To hold a waffler accountable, try these techniques:
Put it in writing. When you sift through your employee’s fuzzy remarks and stumble upon a reasonably clear answer, write it down. The act of committing someone’s comments to paper lends an air of finality. You may even want to send a confirmation memo to the waffler that concisely summarizes the “hard” information you extracted from the conversation.
Wait ’em out. Wafflers master the art of stalling. When asked a point-blank question, they hem and haw and test your patience to the point where you eventually jump in with your views and redirect the conversation away from them. Don’t fall for this trick. When you pose a question, wait in silence for them to respond. Even as they stop and start over and continually shift gears, don’t interrupt. When they’re finally finished, focus on the most concrete thing they’ve just said and run with it.
Repeat questions.
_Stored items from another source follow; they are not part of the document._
text \<open>If the generators are in general position, the cone is simplicial: a facet, of dimension
\<open>DIM('a) - 1\<close>, is spanned by its generators, and more than \<open>DIM('a) - 1\<close> of them would contain
\<open>DIM('a)\<close> independent vectors.\<close>

lemma facet_generators_independent:
  assumes full: "span C = UNIV"
    and general_position: "\<And>W. W \<subseteq> S \<Longrightarrow> card W \<le> DIM('a) \<Longrightarrow> independent W"
    and facet: "facet C F"
  shows "card (S \<inter> F) = DIM('a) - 1" "independent (S \<inter> F)"
proof -
  have "0 \<in> C" by (simp add: cone_eq zero_in_cone_generated_by)
  moreover have "dim C = DIM('a)" by (metis dim_UNIV dim_span full)
  ultimately have "aff_dim C = DIM('a)" by (simp add: aff_dim_eq_dim_if_zero_mem)
  then have F: "F face_of C" and aff_F: "aff_dim F = int (DIM('a) - 1)"
    using facet unfolding facet_def by auto
  then have "F \<noteq> {}" by auto
  then have "0 \<in> F" using zero_in_face_of_conic[OF conic F] by blast
  then have "dim F = DIM('a) - 1" using aff_F by (simp add: aff_dim_eq_dim_if_zero_mem)
  then have dim_V: "dim (S \<inter> F) = DIM('a) - 1"
    using span_generators_in_face[OF F] by (metis span_eq_dim)
  have card_V: "card (S \<inter> F) \<le> DIM('a) - 1"
  proof (rule ccontr)
    assume "\<not> card (S \<inter> F) \<le> DIM('a) - 1"
    then have "DIM('a) \<le> card (S \<inter> F)" using DIM_positive[where 'a='a] by linarith
    then obtain V' where V': "V' \<subseteq> S \<inter> F" "card V' = DIM('a)"
      by (rule obtain_subset_with_card_n)
    then have "independent V'" using general_position by auto
    then have "card V' \<le> dim (S \<inter> F)" by (rule independent_card_le_dim[OF V'(1)])
    then show False using V'(2) dim_V DIM_positive[where 'a='a] by linarith
  qed
  then show indep: "independent (S \<inter> F)" using general_position by auto
  show "card (S \<inter> F) = DIM('a) - 1" using dim_eq_card_independent[OF indep] dim_V by simp
qed

end

lemma pointed_polyhedral_cone_minimally_generated:
  assumes "polyhedral_cone C" "pointed_cone C"
  obtains S where "minimally_generated_cone S C"
proof -
  obtain S where S: "finite S" "C = cone_generated_by S"
    "\<And>v. v \<in> S \<Longrightarrow> v \<notin> cone_generated_by (S - {v})"
    using polyhedral_cone_minimal_generators[OF assms(1)] by blast
  have "conic C" using S(2) conic_cone_generated_by by simp
  then have "minimally_generated_cone S C"
    using S pointed_coneD[OF assms(2)] by unfold_locales auto
  then show thesis by (rule that)
qed

lemma veronese_generators_general_position:
  fixes S C :: "(real ^ 'n) set"
  assumes "minimally_generated_cone S C"
    and idx: "bij_betw idx UNIV {0..m}"
    and rays_on_curve: "\<forall>R. extremal_ray C R \<longrightarrow>
      (\<exists>p q. (p, q) \<noteq> (0, 0) \<and> R \<subseteq> veronese_line idx m p q)"
    and W: "W \<subseteq> S" "card W \<le> Suc m"
  shows "independent W"
proof (rule veronese_family_independent[OF idx _ W(2)])
  interpret minimally_generated_cone S C by fact
  show "finite W" using W finite_generators finite_subset by auto
  show "\<forall>v\<in>W. v \<noteq> 0 \<and> (\<exists>p q. (p, q) \<noteq> (0, 0) \<and> v \<in> veronese_line idx m p q)"
  proof
    fix v assume "v \<in> W"
    then have v: "v \<in> S" using W by blast
    obtain p q where "(p, q) \<noteq> (0, 0)" "ray v \<subseteq> veronese_line idx m p q"
      using rays_on_curve extremal_ray_generator[OF v] by blast
    then show "v \<noteq> 0 \<and> (\<exists>p q. (p, q) \<noteq> (0, 0) \<and> v \<in> veronese_line idx m p q)"
      using ray_base generator_nonzero[OF v] by blast
  qed
  show "\<And>v w. v \<in> W \<Longrightarrow> w \<in> W \<Longrightarrow> v \<noteq> w \<Longrightarrow> w \<notin> span {v}"
    using W generator_not_in_span_of_other by blast
qed
(* For all $\alpha,\beta\in\mathbb{R}$ and all $f\in C_0^\infty((0,\infty))$ (complex-valued), with $\mathbf C_{\alpha,\beta}=\frac{(\beta-3)(2\alpha-\beta+1)}{4}$, \[ \mathbf C_{\alpha,\beta}^2\left\|\frac{f}{r^2}\right\|_{L^2_\beta}^2\le\left\|\mathfrak L_\alpha f\right\|_{L^2_\beta}^2 . \]
   Context: For $\beta\in\mathbb{R}$, $L^2_\beta$ denotes the weighted space on $(0,\infty)$ with norm $\|g\|_{L^2_\beta}^2=\int_0^\infty |g(r)|^2 r^\beta\,dr$. For $\alpha\in\mathbb{R}$, $\mathfrak L_\alpha$ is the operator $\mathfrak L_\alpha f(r)=f''(r)+\frac{\alpha}{r}f'(r)$. Expressions such as $f/r^2$ denote the function $r\mapsto f(r)/r^2$. *)

theory Defs
  imports "HOL-Analysis.Analysis"
begin

definition vderiv :: "nat \<Rightarrow> (real \<Rightarrow> complex) \<Rightarrow> real \<Rightarrow> complex" where
  "vderiv n f = ((\<lambda>g x. vector_derivative g (at x)) ^^ n) f"

definition C0_inf_pos :: "(real \<Rightarrow> complex) \<Rightarrow> bool" where
  "C0_inf_pos f \<longleftrightarrow>
     (\<forall>n. \<forall>r>0. (vderiv n f has_vector_derivative vderiv (Suc n) f r) (at r)) \<and>
     (\<exists>a b. 0 < a \<and> a < b \<and> (\<forall>r. r \<notin> {a..b} \<longrightarrow> f r = 0))"

definition L2w_sq :: "real \<Rightarrow> (real \<Rightarrow> complex) \<Rightarrow> real" where
  "L2w_sq \<beta> g = integral {0<..} (\<lambda>r. (cmod (g r))\<^sup>2 * r powr \<beta>)"

definition Lop :: "real \<Rightarrow> (real \<Rightarrow> complex) \<Rightarrow> real \<Rightarrow> complex" where
  "Lop \<alpha> f r = vderiv 2 f r + (\<alpha> / r) *\<^sub>R vderiv 1 f r"

definition Cab :: "real \<Rightarrow> real \<Rightarrow> real" where
  "Cab \<alpha> \<beta> = (\<beta> - 3) * (2 * \<alpha> - \<beta> + 1) / 4"

end

theory Submission
  imports Defs
begin

text \<open>
  In the variable \<open>t = ln r\<close> write \<open>f = r\<^sup>a u\<close> with \<open>a = (3 - \<beta>) / 2\<close>. Then the weighted
  norms become unweighted \<open>L\<^sup>2(dt)\<close> norms: \<open>f / r\<^sup>2\<close> corresponds to \<open>u\<close> and \<open>L\<^sub>\<alpha> f\<close> to
  \<open>(D + a) (D + b) u\<close>, where \<open>D = d/dt\<close> and \<open>b = a + \<alpha> - 1\<close>; moreover \<open>Cab \<alpha> \<beta> = - a b\<close>.
  Expanding the square and integrating the cross terms by parts gives
  \<open>\<parallel>(D + a) (D + b) u\<parallel>\<^sup>2 = \<parallel>D\<^sup>2 u\<parallel>\<^sup>2 + (a\<^sup>2 + b\<^sup>2) \<parallel>D u\<parallel>\<^sup>2 + (a b)\<^sup>2 \<parallel>u\<parallel>\<^sup>2\<close>.
\<close>

lemma Euler_sum_of_squares:
  fixes U V W :: "'a::real_inner" and c d :: real
  shows "(norm (W + c *\<^sub>R V + d *\<^sub>R U))\<^sup>2 - d\<^sup>2 * (norm U)\<^sup>2
           - (2 * c * (V \<bullet> W) + 2 * d * (V \<bullet> V) + 2 * d * (U \<bullet> W) + 2 * c * d * (U \<bullet> V))
         = (norm W)\<^sup>2 + (c\<^sup>2 - 2 * d) * (norm V)\<^sup>2"
proof -
  have "W \<bullet> V = V \<bullet> W" "W \<bullet> U = U \<bullet> W" "V \<bullet> U = U \<bullet> V"
    by (simp_all add: inner_commute)
  then show ?thesis
    unfolding power2_norm_eq_inner
    by (simp add: algebra_simps power2_eq_square)
qed

lemma integral_Ioi_eq_interval:
  fixes h :: "real \<Rightarrow> 'a::banach"
  assumes "0 < A" and "\<And>r. 0 < r \<Longrightarrow> r \<notin> {A..B} \<Longrightarrow> h r = 0"
  shows "integral {0<..} h = integral {A..B} h"
proof -
  have "(\<lambda>r. if r \<in> {0<..} then h r else 0) = (\<lambda>r. if r \<in> {A..B} then h r else 0)"
    using assms by (auto simp: fun_eq_iff)
  then show ?thesis by (metis integral_restrict_UNIV)
qed

lemma has_vector_derivative_locally_zero:
  assumes "(g has_vector_derivative g') (at r)" "open S" "r \<in> S" "\<And>y. y \<in> S \<Longrightarrow> g y = 0"
  shows "g' = 0"
proof -
  have "((\<lambda>_. 0) has_vector_derivative g') (at r)"
    using has_vector_derivative_transform_within_open[OF assms(1-3)] assms(4) by simp
  then show ?thesis
    using vector_derivative_unique_at has_vector_derivative_const by blast
qed

lemma continuous_on_vector_derivative_at:
  assumes "\<And>x. x \<in> S \<Longrightarrow> (f has_vector_derivative f' x) (at x)"
  shows "continuous_on S f"
  using assms by (metis continuous_on_vector_derivative has_vector_derivative_at_within)

lemma powr_eq_power_mult_powr:
  fixes r \<beta> :: real
  assumes "0 < r"
  shows "r powr \<beta> = r ^ n * r powr (\<beta> - n)"
  using assms by (simp add: powr_realpow[symmetric] flip: powr_add)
Let’s say you want a waffler to buy into your proposal. Ask them, “Would you wholeheartedly support this plan?” Their first answer will probably offer some vague or conditional support.
Your response: Ask the identical question again, this time addressing their reservations. “Would you wholeheartedly support this plan if your points about confidentiality and cost were fully addressed?” Continue along this line of questioning until they exhaust their qualifications and finally give a yes/no answer.
Try not to lose your cool with a waffler. Some people are deliberate thinkers who do not like to express opinions without careful, even plodding analysis. If you give them time to work around all sides of an issue, then their vacillating may not be in vain.